Now look at this program:
#include <iconv.h>
#include <stdlib.h>
#include <stdio.h>
#define OUTSIZE 2
int main(int argc, char *argv[])
{
char inbuffer[] = "a";
char *inbuf = inbuffer;
size_t inavail = 1;
char buffer[OUTSIZE];
size_t outavail = sizeof(buffer);
char *outbuf = buffer;
iconv_t h = iconv_open ("UCS-2", "646");
size_t r;
if (h == (iconv_t) -1)
{
perror("iconv_open");
return 1;
}
r = iconv(h, &inbuf, &inavail, &outbuf, &outavail);
if (r == (size_t) -1)
{
perror("iconv");
return 1;
}
printf("inavail = %d outavail = %d\n", inavail, outavail);
return 0;
}
With the current setting of OUTSIZE = 2 Solaris 2.8 spits out
iconv: Arg list too long
If OUTSIZE >= 4 it works. Some of Sun's people seem to have a
problem with their math ;-)
The problem above came up in prims.cc (function JvConvertArgv).

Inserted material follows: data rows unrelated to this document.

lemma block_mat_plus_one_factorization:
  assumes M: "M \<in> carrier_mat a b"
  shows "block_mat n a b M + 1\<^sub>m (n * b + a)
       = four_block_mat (1\<^sub>m a) (0\<^sub>m a b) (0\<^sub>m (n * b) a) (stacked_one_mat n b)
       * four_block_mat (1\<^sub>m a) (M * transpose_mat (stacked_one_mat n b)) (transpose_mat M)
           (transpose_mat (stacked_one_mat n b))"
    (is "_ = ?F * ?K")
proof -
  let ?E = "stacked_one_mat n b :: real mat"
  have "?F * ?K = four_block_mat (1\<^sub>m a) (M * transpose_mat ?E) (?E * transpose_mat M) (?E * transpose_mat ?E)"
    using M by (subst mult_four_block_mat[of _ a a _ b _ "n * b" _ _ a _ "n * b"]) auto
  also have "\<dots> = block_mat n a b M + 1\<^sub>m (n * b + a)"
  proof (rule eq_matI)
    fix i j assume "i < dim_row (block_mat n a b M + 1\<^sub>m (n * b + a))"
      and "j < dim_col (block_mat n a b M + 1\<^sub>m (n * b + a))"
    then have i: "i < n * b + a" and j: "j < n * b + a"
      by (auto simp: block_mat_def)
    show "four_block_mat (1\<^sub>m a) (M * transpose_mat ?E) (?E * transpose_mat M) (?E * transpose_mat ?E) $$ (i, j)
        = (block_mat n a b M + 1\<^sub>m (n * b + a)) $$ (i, j)"
    proof (cases "i < a"; cases "j < a")
      assume "i < a" "j < a"
      then show ?thesis using i j by (simp add: block_mat_def)
    next
      assume "i < a" "\<not> j < a"
      then show ?thesis
        using i j by (simp add: block_mat_def index_mult_transpose_stacked_one_mat[OF M] del: index_mult_mat(1))
    next
      assume "\<not> i < a" "j < a"
      then show ?thesis
        using i j by (simp add: block_mat_def index_stacked_one_mat_mult_transpose[OF M] del: index_mult_mat(1))
    next
      assume "\<not> i < a" "\<not> j < a"
      moreover from this i have "b > 0"
        by (cases b) auto
      ultimately show ?thesis
        using i j div_mod_eq_imp_eq[of "i - a" b "j - a"]
        by (auto simp: block_mat_def index_stacked_one_mat_mult_transpose[OF stacked_one_mat_carrier]
            simp del: index_mult_mat(1))
    qed
  qed (auto simp: block_mat_def)
  finally show ?thesis ..
qed

lemma block_mat_factors_mult_swap:
  assumes M: "M \<in> carrier_mat a b"
  shows "four_block_mat (1\<^sub>m a) (M * transpose_mat (stacked_one_mat n b)) (transpose_mat M)
           (transpose_mat (stacked_one_mat n b))
       * four_block_mat (1\<^sub>m a) (0\<^sub>m a b) (0\<^sub>m (n * b) a) (stacked_one_mat n b)
       = four_block_mat (1\<^sub>m a) (real n \<cdot>\<^sub>m M) (transpose_mat M) (real n \<cdot>\<^sub>m 1\<^sub>m b)"
proof -
  let ?E = "stacked_one_mat n b :: real mat"
  have "M * transpose_mat ?E * ?E = real n \<cdot>\<^sub>m M"
    using M by (simp add: assoc_mult_mat[of M a b _ "n * b" _ b] transpose_stacked_one_mat_mult_self)
  then show ?thesis
    using M by (subst mult_four_block_mat[of _ a a _ "n * b" _ b _ _ a _ b])
      (auto simp: transpose_stacked_one_mat_mult_self)
qed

It runs into natString.cc:
java::lang::String::init (jbyteArray bytes, jint offset, jint count,
jstring encoding)
and here into this loop:
while (converter->inpos < converter->inlength)
{
int done = converter->read(array, outpos, avail);
if (done == 0)
{
jint new_size = 2 * (outpos + avail);
jcharArray new_array = JvNewCharArray (new_size);
memcpy (elements (new_array), elements (array),
outpos * sizeof(jchar));
array = new_array;
avail = new_size - outpos;
}
else
{
outpos += done;
avail -= done;
}
}
Because there is a fall through in gnu::gcj::convert::Input_iconv::read for
E2BIG the value returned by converter->read for done is 0.
Now the array size is doubled and the next call succeeds but with the number
of the input characters doubled. The resulting string is strange, of course.
The above patch fixes this bug resulting in an infinite loop on Solaris 2.8 ;-)
Any idea, how to handle this Solaris 2.8 iconv bug?
You should only have to enlarge the output buffer but is this doable inside
gnu::gcj::convert::Input_iconv::read at all?
Thanks
Martin.
--
The early bird catches the worm. If you want something else for
breakfast, get up later.